The steel guitar came from Hawaii, kicked around America’s nooks and crannies, but firmly touched down in the American West of the imagination. What better instrument to traverse all that space? The guitar gallops like a horse, the pedal steel glides smoothly like a chrome-encased car on the new interstate highways. Technology harnessed in the service of saving time. There’s Speedy West, literally “Speedin’ West” in 1960, on the drivetrain of hot-rodded jazz licks. His steel blurts, swoops, hot dogs, does donuts in the middle of the road. Cactus, Roadrunner v. Coyote, the strange new shape of Sputnik hurtling overhead.

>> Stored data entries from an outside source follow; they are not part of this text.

lemma card_switchable_discordant_le:
  assumes "k \<in> X" "j \<in> Y"
  shows "card {(\<sigma>, i) \<in> switchable k j. ((k, \<sigma> i) \<in> L) \<noteq> ((i, j) \<in> L)}
    \<le> card (discordant k j) * fact (card X - 2)"
proof -
  let ?F = "\<lambda>(r, c). {\<sigma> \<in> bijections X Y. \<sigma> k = j \<and> \<sigma> r = c} \<times> {r}"
  have "finite (discordant k j)"
    using finite_X finite_Y by (auto simp: discordant_def intro: finite_subset)
  moreover have "{(\<sigma>, i) \<in> switchable k j. ((k, \<sigma> i) \<in> L) \<noteq> ((i, j) \<in> L)} \<subseteq> (\<Union>rc\<in>discordant k j. ?F rc)"
  proof clarify
    fix \<sigma> i assume "(\<sigma>, i) \<in> switchable k j" "((k, \<sigma> i) \<in> L) \<noteq> ((i, j) \<in> L)"
    moreover from this have "\<sigma> i \<in> Y" "\<sigma> i \<noteq> j"
      using assms(1) bijectionsD(2) bijections_eq_iff[of \<sigma> X Y i k] by (auto simp: switchable_def)
    ultimately show "(\<sigma>, i) \<in> (\<Union>rc\<in>discordant k j. ?F rc)"
      by (auto simp: switchable_def discordant_def intro!: bexI[of _ "(i, \<sigma> i)"])
  qed
  moreover have "finite (?F rc)" for rc
    using finite_bij by (auto simp: case_prod_beta)
  ultimately have "card {(\<sigma>, i) \<in> switchable k j. ((k, \<sigma> i) \<in> L) \<noteq> ((i, j) \<in> L)}
      \<le> card (\<Union>rc\<in>discordant k j. ?F rc)"
    by (intro card_mono) auto
  also have "\<dots> \<le> (\<Sum>rc\<in>discordant k j. card (?F rc))"
    using \<open>finite (discordant k j)\<close> by (rule card_UN_le)
  also have "\<dots> = (\<Sum>rc\<in>discordant k j. fact (card X - 2))"
    using assms by (intro sum.cong) (auto simp: discordant_def card_cartesian_product card_bij_fixing2)
  finally show ?thesis by simp
qed

lemma card_switched_bad_le:
  assumes "k \<in> X"
  shows "card {p \<in> switchable k j. hits (switch k p) \<noteq> 1} \<le> card bad"
proof (rule card_inj_on_le)
  show "inj_on (switch k) {p \<in> switchable k j. hits (switch k p) \<noteq> 1}"
    using inj_on_switch[OF assms] by (rule inj_on_subset) blast
  show "switch k ` {p \<in> switchable k j. hits (switch k p) \<noteq> 1} \<subseteq> bad"
    using switch_in_bijections[OF _ assms] by auto
qed (use finite_bij in simp)

lemma card_good_through_le:
  assumes "(k, j) \<in> large"
  shows "card (good_through k j) * (card X - 1) \<le> card bad + card (discordant k j) * fact (card X - 2)"
proof -
  have k: "k \<in> X" and j: "j \<in> Y" and kj: "(k, j) \<in> L"
    using assms by (auto simp: large_def)
  let ?bad_through = "{\<sigma> \<in> bijections X Y. \<sigma> k = j \<and> hits \<sigma> \<noteq> 1}"
  let ?A = "{(\<sigma>, i) \<in> switchable k j. hits \<sigma> \<noteq> 1}"
  let ?B = "{p \<in> switchable k j. hits (switch k p) \<noteq> 1}"
  let ?E = "{(\<sigma>, i) \<in> switchable k j. ((k, \<sigma> i) \<in> L) \<noteq> ((i, j) \<in> L)}"
  have "p \<in> ?A \<union> ?B \<union> ?E" if "p \<in> switchable k j" for p
    using that good_switch_discordant[OF _ k kj] by (cases p) auto
  then have "switchable k j \<subseteq> ?A \<union> ?B \<union> ?E" ..
  moreover have "finite (?A \<union> ?B \<union> ?E)"
    using finite_bij finite_X by (intro finite_subset[OF _ finite_cartesian_product]) (auto simp: switchable_def)
  ultimately have "card (switchable k j) \<le> card (?A \<union> ?B \<union> ?E)"
    by (rule card_mono[rotated])
  then have "card (switchable k j) \<le> card ?A + card ?B + card ?E"
    using card_Un_le[of "?A \<union> ?B" ?E] card_Un_le[of ?A ?B] by linarith
  moreover have "?A = ?bad_through \<times> (X - {k})"
    by (auto simp: switchable_def)
  moreover have "card ?B \<le> card bad"
    using card_switched_bad_le[OF k] .
  moreover have "card (switchable k j) = fact (card X - 1) * (card X - 1)"
    using k j finite_X by (simp add: switchable_def card_cartesian_product card_bij_fixing)
  moreover have "fact (card X - 1) = card ?bad_through + card (good_through k j)"
  proof -
    have "{\<sigma> \<in> bijections X Y. \<sigma> k = j} = ?bad_through \<union> good_through k j"
      by (auto simp: good_through_def)
    then show ?thesis
      using card_bij_fixing[OF k j] finite_bij
      by (simp add: card_Un_disjoint good_through_def disjoint_iff)
  qed
  ultimately show ?thesis
    using card_switchable_discordant_le[OF k j] finite_X k
    by (simp add: card_cartesian_product add_mult_distrib)
qed

section \<open>A dense line is strong\<close>

definition is_line :: "(nat \<times> nat) set \<Rightarrow> bool" where
  "is_line l \<longleftrightarrow> (\<exists>k\<in>X. l = {k} \<times> Y) \<or> (\<exists>j\<in>Y. l = X \<times> {j})"

lemma line_subset: "is_line l \<Longrightarrow> l \<subseteq> X \<times> Y"
  by (auto simp: is_line_def)

lemma card_line: "is_line l \<Longrightarrow> card l = card X"
  using card_eq by (auto simp: is_line_def card_cartesian_product)

lemma line_meets: "is_line l \<Longrightarrow> p \<in> l \<Longrightarrow> p' \<in> l \<Longrightarrow> fst p' = fst p \<or> snd p' = snd p"
  by (auto simp: is_line_def)

lemma card_row_Int: "card (({k} \<times> Y) \<inter> L) = card {j \<in> Y. (k, j) \<in> L}"
proof -
  have "({k} \<times> Y) \<inter> L = Pair k ` {j \<in> Y. (k, j) \<in> L}" by auto
  then show ?thesis by (simp add: card_image inj_on_def)
qed

lemma card_col_Int: "card ((X \<times> {j}) \<inter> L) = card {i \<in> X. (i, j) \<in> L}"
proof -
  have "(X \<times> {j}) \<inter> L = (\<lambda>i. (i, j)) ` {i \<in> X. (i, j) \<in> L}" by auto
  then show ?thesis by (simp add: card_image inj_on_def)
qed

lemma card_row_eq_Suc:
  assumes "j \<in> Y" "(k, j) \<in> L"
  shows "card {c \<in> Y. (k, c) \<in> L} = Suc (card {c \<in> Y - {j}. (k, c) \<in> L})"
proof -
  have "{c \<in> Y. (k, c) \<in> L} = insert j {c \<in> Y - {j}. (k, c) \<in> L}" using assms by auto
  then show ?thesis using finite_Y by simp
qed

lemma card_col_eq_Suc:
  assumes "k \<in> X" "(k, j) \<in> L"
  shows "card {r \<in> X. (r, j) \<in> L} = Suc (card {r \<in> X - {k}. (r, j) \<in> L})"
proof -
  have "{r \<in> X. (r, j) \<in> L} = insert k {r \<in> X - {k}. (r, j) \<in> L}" using assms by auto
  then show ?thesis using finite_X by simp
qed

lemma has_strong_line_if_line:
  fixes p :: real
  assumes "is_line l" "(1 - p) * card X \<le> card (l \<inter> L)"
  shows "has_strong_line L X Y p"
  using assms(1) unfolding is_line_def
proof (elim disjE bexE)
  fix k assume "k \<in> X" "l = {k} \<times> Y"
  then have "strong_row L X Y p k"
    using assms(2) card_eq card_row_Int[of k] by (simp add: strong_row_def)
  then show ?thesis by (auto simp: has_strong_line_def)
next
  fix j assume "j \<in> Y" "l = X \<times> {j}"
  then have "strong_col L X Y p j"
    using assms(2) card_col_Int[of j] by (simp add: strong_col_def)
  then show ?thesis by (auto simp: has_strong_line_def)
qed

lemma card_hitless_fixing_ge:
  assumes a: "a \<in> X" and c: "c \<in> Y" and ac: "(a, c) \<notin> L"
  shows "fact (card X - 1) \<le> card {\<sigma> \<in> bijections X Y. \<sigma> a = c \<and> hits \<sigma> = 0}
    + card {p \<in> large. fst p \<noteq> a \<and> snd p \<noteq> c} * fact (card X - 2)"
proof -
  let ?Z = "{\<sigma> \<in> bijections X Y. \<sigma> a = c \<and> hits \<sigma> = 0}"
  let ?K = "{p \<in> large. fst p \<noteq> a \<and> snd p \<noteq> c}"
  let ?F = "\<lambda>p. {\<sigma> \<in> bijections X Y. \<sigma> a = c \<and> \<sigma> (fst p) = snd p}"
  have K: "finite ?K" using finite_large by simp
  have "{\<sigma> \<in> bijections X Y. \<sigma> a = c} \<subseteq> ?Z \<union> (\<Union>p\<in>?K. ?F p)"
  proof
    fix \<sigma> assume \<sigma>: "\<sigma> \<in> {\<sigma> \<in> bijections X Y. \<sigma> a = c}"
    show "\<sigma> \<in> ?Z \<union> (\<Union>p\<in>?K. ?F p)"
    proof (cases "hits \<sigma> = 0")
      case False
      then obtain i where i: "i \<in> X" "(i, \<sigma> i) \<in> L"
        unfolding hits_eq_0_iff by blast
      then have "i \<noteq> a" using \<sigma> ac by auto
      then have "\<sigma> i \<noteq> c" using \<sigma> i a bijections_eq_iff[of \<sigma> X Y i a] by auto
      moreover have "\<sigma> i \<in> Y" using \<sigma> i bijectionsD(2) by blast
      ultimately have "(i, \<sigma> i) \<in> ?K" using i \<open>i \<noteq> a\<close> by (simp add: large_def)
      moreover have "\<sigma> \<in> ?F (i, \<sigma> i)" using \<sigma> by simp
      ultimately show ?thesis by blast
    qed (use \<sigma> in simp)
  qed
  moreover have "finite (?Z \<union> (\<Union>p\<in>?K. ?F p))"
    using K finite_bij by simp
  ultimately have "card {\<sigma> \<in> bijections X Y. \<sigma> a = c} \<le> card (?Z \<union> (\<Union>p\<in>?K. ?F p))"
    by (rule card_mono[rotated])
  also have "\<dots> \<le> card ?Z + card (\<Union>p\<in>?K. ?F p)"
    by (rule card_Un_le)
  also have "card (\<Union>p\<in>?K. ?F p) \<le> (\<Sum>p\<in>?K. card (?F p))"
    using K by (rule card_UN_le)
  also have "\<dots> \<le> (\<Sum>p\<in>?K. fact (card X - 2))"
  proof (rule sum_mono)
    fix p assume "p \<in> ?K"
    then show "card (?F p) \<le> fact (card X - 2)"
      using card_bij_fixing2_le[OF a c, of "fst p" "snd p"] by (auto simp: large_def)
  qed
  finally show ?thesis
    using card_bij_fixing[OF a c] by simp
qed

lemma card_hitless_fixing_line_ge:
  assumes l: "is_line l" and p: "p \<in> l - L"
  shows "fact (card X - 1)
    \<le> card {\<sigma> \<in> bijections X Y. \<sigma> (fst p) = snd p \<and> hits \<sigma> = 0} + card (large - l) * fact (card X - 2)"
proof -
  have "p' \<notin> l" if "fst p' \<noteq> fst p" "snd p' \<noteq> snd p" for p'
    using line_meets[OF l, of p p'] p that by blast
  then have "{p' \<in> large. fst p' \<noteq> fst p \<and> snd p' \<noteq> snd p} \<subseteq> large - l"
    by blast
  then have "card {p' \<in> large. fst p' \<noteq> fst p \<and> snd p' \<noteq> snd p} \<le> card (large - l)"
    using finite_large by (intro card_mono) auto
  moreover have "fact (card X - 1) \<le> card {\<sigma> \<in> bijections X Y. \<sigma> (fst p) = snd p \<and> hits \<sigma> = 0}
      + card {p' \<in> large. fst p' \<noteq> fst p \<and> snd p' \<noteq> snd p} * fact (card X - 2)"
    using card_hitless_fixing_ge[of "fst p" "snd p"] p line_subset[OF l] by auto
  ultimately show ?thesis
    by (meson add_left_mono le_trans mult_le_mono1)
qed

lemma card_hitless_line_ge:
  assumes l: "is_line l"
  shows "card (l - L) * fact (card X - 1)
    \<le> card {\<sigma> \<in> bijections X Y. hits \<sigma> = 0} + card (l - L) * (card (large - l) * fact (card X - 2))"
proof -
  let ?F = "\<lambda>p. {\<sigma> \<in> bijections X Y. \<sigma> (fst p) = snd p \<and> hits \<sigma> = 0}"
  let ?c = "card (large - l) * fact (card X - 2)"
  have fin: "finite (l - L)"
    using line_subset[OF l] finite_X finite_Y by (auto intro: finite_subset)
  have each: "fact (card X - 1) \<le> card (?F p) + ?c" if "p \<in> l - L" for p
    using card_hitless_fixing_line_ge[OF l that] by simp
  have disjoint: "?F p \<inter> ?F p' = {}" if "p \<in> l - L" "p' \<in> l - L" "p \<noteq> p'" for p p'
  proof (rule ccontr)
    assume "?F p \<inter> ?F p' \<noteq> {}"
    then obtain \<sigma> where \<sigma>: "\<sigma> \<in> bijections X Y" "\<sigma> (fst p) = snd p" "\<sigma> (fst p') = snd p'"
      by auto
    have "fst p \<in> X" "fst p' \<in> X"
      using that(1,2) line_subset[OF l] by (auto simp: mem_Times_iff)
    then have "fst p = fst p'"
      using line_meets[OF l, of p p'] that \<sigma> bijections_eq_iff[of \<sigma> X Y "fst p" "fst p'"] by auto
    then show False
      using \<sigma> that(3) by (simp add: prod_eq_iff)
  qed
  have "card (l - L) * fact (card X - 1) = (\<Sum>p\<in>l - L. fact (card X - 1))"
    by simp
  also have "\<dots> \<le> (\<Sum>p\<in>l - L. card (?F p) + ?c)"
    by (rule sum_mono) (rule each)
  also have "\<dots> = card (\<Union>p\<in>l - L. ?F p) + card (l - L) * ?c"
    using fin finite_bij disjoint by (simp add: sum.distrib card_UN_disjoint)
  also have "card (\<Union>p\<in>l - L. ?F p) \<le> card {\<sigma> \<in> bijections X Y. hits \<sigma> = 0}"
    using finite_bij by (intro card_mono) auto
  finally show ?thesis by simp
qed

lemma dense_line_is_strong:
  fixes q :: real
  assumes m: "2 \<le> card X" and q: "0 \<le> q" and N: "card large \<le> 131/100 * card X"
    and hitless: "card {\<sigma> \<in> bijections X Y. hits \<sigma> = 0} \<le> q * fact (card X)"
    and l: "is_line l" and dense: "1 + 7/10 * (real (card X) - 1) \<le> card (l \<inter> L)"
  shows "(1 - 13 * q) * card X \<le> card (l \<inter> L)"
proof -
  let ?m = "real (card X)" and ?F = "fact (card X - 2) :: real"
  have u: "real (card (l - L)) = ?m - card (l \<inter> L)"
    using card_Int_Diff[of l L] card_line[OF l] finite_X finite_Y line_subset[OF l]
    by (simp add: finite_subset)
  have K: "real (card (large - l)) = real (card large) - real (card (l \<inter> L))"
  proof -
    have "large \<inter> l = l \<inter> L"
      using line_subset[OF l] by (auto simp: large_def)
    then show ?thesis
      using card_Int_Diff[of large l] finite_large by simp
  qed
  have "real (card (l - L) * fact (card X - 1))
      \<le> real (card {\<sigma> \<in> bijections X Y. hits \<sigma> = 0} + card (l - L) * (card (large - l) * fact (card X - 2)))"
    using card_hitless_line_ge[OF l] by (simp only: of_nat_le_iff)
  then have "real (card (l - L)) * ((?m - 1) * ?F)
      \<le> real (card {\<sigma> \<in> bijections X Y. hits \<sigma> = 0}) + real (card (l - L)) * (real (card (large - l)) * ?F)"
    unfolding of_nat_mult of_nat_add of_nat_fact fact_diff_one_eq[OF m] .
  then have "real (card (l - L)) * ((?m - 1) * ?F)
      \<le> q * (?m * (?m - 1) * ?F) + real (card (l - L)) * (real (card (large - l)) * ?F)"
    using hitless unfolding fact_eq_diff_two[OF m] by linarith
  then have "(real (card (l - L)) * ((?m - 1) - real (card (large - l)))) * ?F \<le> (q * ?m * (?m - 1)) * ?F"
    by (simp add: algebra_simps)
  then have "real (card (l - L)) * ((?m - 1) - real (card (large - l))) \<le> q * ?m * (?m - 1)"
    by simp
  then show ?thesis
    using m by (intro dense_line_arith[OF _ q N dense K u]) simp_all
qed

Speedy West - “Speedin’ West” (1960)
What is country music? To a young Willie Nelson, it’s whatever can earn you money to live. Broke, renting a cheap apartment on the edge of Houston, he spent the thirty mile work commute composing “Night Life.” Producer Pappy Daily didn’t think it was country and threatened to sue Willie for breach of contract if he released it. Pappy might’ve been right: it’s not country because Willie creates a new country on the song, a country born after midnight, where twang and jazz and blues all slink side by side, blurring racial and musical lines. Pedal steel player Herb Remington can hear it and see it too, a national anthem made from smoke curlicues and quiet defiance.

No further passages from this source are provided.